The key ingredient Saturday’s win gave the Gamecocks going forward
In high school football, good teams often schedule up in non-conference play to get their players battle tested. Many coaches also throw in at least one game where their team can run someone over and get the backups work. They do this to build confidence and get players feeling good about themselves.
South Carolina football coach Will Muschamp saw his team gain something similar over this weekend. The word he settled on to describe what the Gamecocks built in beating Georgia: Belief.
“So much goes into belief,” Muschamp said in an appearance on the “SEC this Morning” TV show. “Players have got to have some belief. You can demonstrate progress sometimes to them and say, ‘Look, we’re making progress here, statistically here, statistically there.’ But at the end of the day, you’ve got to win the game.”

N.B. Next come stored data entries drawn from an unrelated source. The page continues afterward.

(* Let $V$ be a unital $\mathbb Z$-fold algebra with identity $1$, and let $M$ be a module over $V$. If $a,b\in V$ satisfy skew-symmetry for $T_1$ ($T_1a=a_{(-2)}1$), then the fields $Y_M(a,z)$ and $Y_M(b,z)$ on $M$ are mutually local. In particular, if $V$ is a vertex algebra then any two fields $Y_M(a,z),Y_M(b,z)$, $a,b\in V$, are mutually local.
   Context: $\mathbb K$ of characteristic $0$; super vector spaces, parity $\tilde a$, $\zeta=-1$. A $\mathbb Z$-fold algebra is a vector space $V$ with even products $a_{(n)}b$ ($n\in\mathbb Z$); it is unital with identity $1$ if $1_{(n)}a=\delta_{n,-1}a$ for all $n$, and $a_{(n)}1=0$ ($n\ge0$), $a_{(-1)}1=a$. For a vector space $M$, $\mathcal F_z(M)$ denotes the holomorphic fields on $M$: $a(z)=\sum_{n\in\mathbb Z}a_nz^{-n-1}\in\mathrm{End}(M)[[z^{\pm1}]]$ with $a(z)v\in M((z))$ for all $v$; it is a unital $\mathbb Z$-fold algebra with identity $\mathrm{id}_M$ and products $a(w)_{(n)}b(w):=\mathrm{res}_z\big((z-w)^na(z)b(w)-\zeta^{\tilde a\tilde b}(z-w)^n_{w>z}b(w)a(z)\big)$ ($(z-w)^n$ expanded in nonnegative powers of $w$, $(z-w)^n_{w>z}=(-1)^n(w-z)^n$ in nonnegative powers of $z$, $\mathrm{res}_z$ = coefficient of $z^{-1}$). A module over $V$ is a vector space $M$ with a morphism $Y_M:V\to\mathcal F_z(M)$ of unital $\mathbb Z$-fold algebras. Skew-symmetry for $T$: $a_{(n)}b=0$ for $n\gg0$ and $\zeta^{\tilde a\tilde b}b_{(n)}a=\sum_{i\ge0}(-1)^{n+1+i}T^{(i)}(a_{(n+i)}b)$ for all $n\in\mathbb Z$ ($T^{(i)}=T^i/i!$). Holomorphic fields $a(z),b(z)$ are mutually local iff $(z-w)^N(a(z)b(w)-\zeta^{\tilde a\tilde b}b(w)a(z))=0$ for some $N\in\mathbb N$. A vertex algebra is a $\mathbb Z$-fold algebra with an even $T$ satisfying $[T,Y(a,z)]=\partial_zY(a,z)$, an identity $1$ with $T1=0$, and mutually local fields $Y(a,z)=\sum a_{(n)}z^{-n-1}$. *)

theory Defs
  imports Complex_Main "HOL-Library.Groups_Big_Fun"
begin

text \<open>A super vector space
  structure is a function P :: bool => set, P False = even part, P True = odd part, with
  the whole space the direct sum of the two subspaces.  Parity addition is exclusive or.\<close>

definition super_vs :: "('k::field \<Rightarrow> 'v::ab_group_add \<Rightarrow> 'v) \<Rightarrow> (bool \<Rightarrow> 'v set) \<Rightarrow> bool" where
  "super_vs sc P \<longleftrightarrow> vector_space sc
     \<and> (\<forall>p. module.subspace sc (P p))
     \<and> P False \<inter> P True = {0}
     \<and> (\<forall>v. \<exists>x y. x \<in> P False \<and> y \<in> P True \<and> v = x + y)"

definition zeta :: "bool \<Rightarrow> bool \<Rightarrow> 'k::field" where
  "zeta pa pb = (if pa \<and> pb then -1 else 1)"

text \<open>Z-fold algebra: even bilinear products a_(n) b, written prd n a b.\<close>
definition zfold_algebra ::
  "('k::field \<Rightarrow> 'v::ab_group_add \<Rightarrow> 'v) \<Rightarrow> (bool \<Rightarrow> 'v set) \<Rightarrow> (int \<Rightarrow> 'v \<Rightarrow> 'v \<Rightarrow> 'v) \<Rightarrow> bool" where
  "zfold_algebra sc P prd \<longleftrightarrow> super_vs sc P
     \<and> (\<forall>n a. Vector_Spaces.linear sc sc (prd n a))
     \<and> (\<forall>n b. Vector_Spaces.linear sc sc (\<lambda>a. prd n a b))
     \<and> (\<forall>n p q a b. a \<in> P p \<longrightarrow> b \<in> P q \<longrightarrow> prd n a b \<in> P (p \<noteq> q))"

definition unital_zfold_algebra ::
  "('k::field \<Rightarrow> 'v::ab_group_add \<Rightarrow> 'v) \<Rightarrow> (bool \<Rightarrow> 'v set) \<Rightarrow> (int \<Rightarrow> 'v \<Rightarrow> 'v \<Rightarrow> 'v) \<Rightarrow> 'v \<Rightarrow> bool" where
  "unital_zfold_algebra sc P prd one \<longleftrightarrow> zfold_algebra sc P prd
     \<and> (\<forall>n a. prd n one a = (if n = -1 then a else 0))
     \<and> (\<forall>n a. n \<ge> 0 \<longrightarrow> prd n a one = 0)
     \<and> (\<forall>a. prd (-1) a one = a)"
(* For the class $\mathcal I_m$ of VCG auctions with bidder-specific reserves in $\{1/m,2/m,\dots,1\}$, the matrix $\Gamma^{\mathrm{VCG}}$ is $(2,1)$-admissible and implementable with complexity $m$ (with respect to learner actions $\mathcal I_m$, adversary actions = valuation profiles in $[0,1]^n$, and payoff $f(\vec r,\vec v)=\mathrm{Rev}(\vec r,\vec v)$).
   Context: Single-parameter setting: $n$ bidders, a family $\mathcal S\subseteq 2^{[n]}$ of feasible sets of bidders that can be served simultaneously, with $\emptyset\in\mathcal S$ and $\{i\}\in\mathcal S$ for every $i$. A valuation profile is $\vec v\in[0,1]^n$. A VCG auction with bidder-specific reserves $\vec r=(r_1,\dots,r_n)$: all bidders with $v_i<r_i$ are removed; if none remain nothing is allocated; otherwise a feasible set of remaining bidders maximizing $\sum v_i$ over served bidders is served, and each served bidder is charged the larger of $r_i$ and his VCG payment (the externality he imposes on the other remaining bidders, i.e., the maximum welfare of the others over feasible sets minus their welfare in the chosen allocation). $\mathrm{Rev}(\vec r,\vec v)$ is the total charge. $\mathcal I_m$ is the set of such auctions with every $r_i\in\{1/m,\dots,m/m\}$. $\Gamma^{\mathrm{VCG}}$ is the $|\mathcal I_m|\times n\lceil\log_2 m\rceil$ binary matrix whose entry in row $\vec r$ and column $j=(i-1)\lceil\log_2 m\rceil+\beta$ ($i\le n$, $1\le\beta\le\lceil\log_2 m\rceil$) is the $\beta$-th bit of the binary representation of the integer $mr_i$. A matrix $\Gamma$ (rows indexed by learner actions $x$) is $(\kappa,\delta)$-admissible if its rows are pairwise distinct, each column has at most $\kappa$ distinct values, and distinct values in a column differ by at least $\delta$. It is implementable with complexity $M$ if for each column $j$ there is a finite set $S_j$ of pairs $(w,y)$ with weight $w\ge0$ and adversary action $y$, $|S_j|\le M$, such that $\Gamma_{xj}-\Gamma_{x'j}=\sum_{(w,y)\in S_j}w(f(x,y)-f(x',y))$ for all learner actions $x,x'$. *)

theory Defs
  imports Complex_Main
begin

Some have also described that as “proof of concept.” It’s the sense the work going in, the time spent are producing the outcomes the team is aiming for.
Before this week, the Gamecocks had won only a single game against a ranked opponent in Muschamp’s tenure. That came when USC was turning things around with Jake Bentley in his first season, catching Tennessee as they slipped from No. 9 in the country to unranked in two weeks. (They ended up at the edge of the top 25.)
That belief, that faith in the approach, it powers a team as it goes through the less fun parts of being a college player, the preparation and the grind that ultimately lead to the payoff.
“You’ve got to win some games against tough opponents, on the road, tough environment for them to continue to have belief to go out and prepare the right way,” Muschamp said. “To go out and practice the right way. To go out and watch film the right way. To go work out, to go through the offseason program the right way, to understand that what we’re doing are the right things. And that we do have the opportunity to do some special things here at South Carolina.
“That win helps us continue to have belief in the program.”
He’s only a few weeks removed from a moment when there was reason for folks inside and outside the building to have some cracks in their belief.
The team was coming off a 2018 that didn’t match expectations. They’d started this year 1-3, losing as a double-digit favorite to UNC and getting smothered offensively at Missouri.
The team seemed as if it would need to stabilize just to get to five wins, and needed a big upset to go bowling.
Thinks look different now, on the right side of possibly the program’s biggest upset ever. But Muschamp admitted he needed his seniors to help carry the team through the rough patches, and keeping that all in line is a challenge in the modern world.
“In this day and age, sometimes it’s hard because of all of the access that people have to your players as far as the negativity and things like that,” Muschamp said. “So staying as positive as we can and being as technical and being hard on them and being honest with them about where we are.”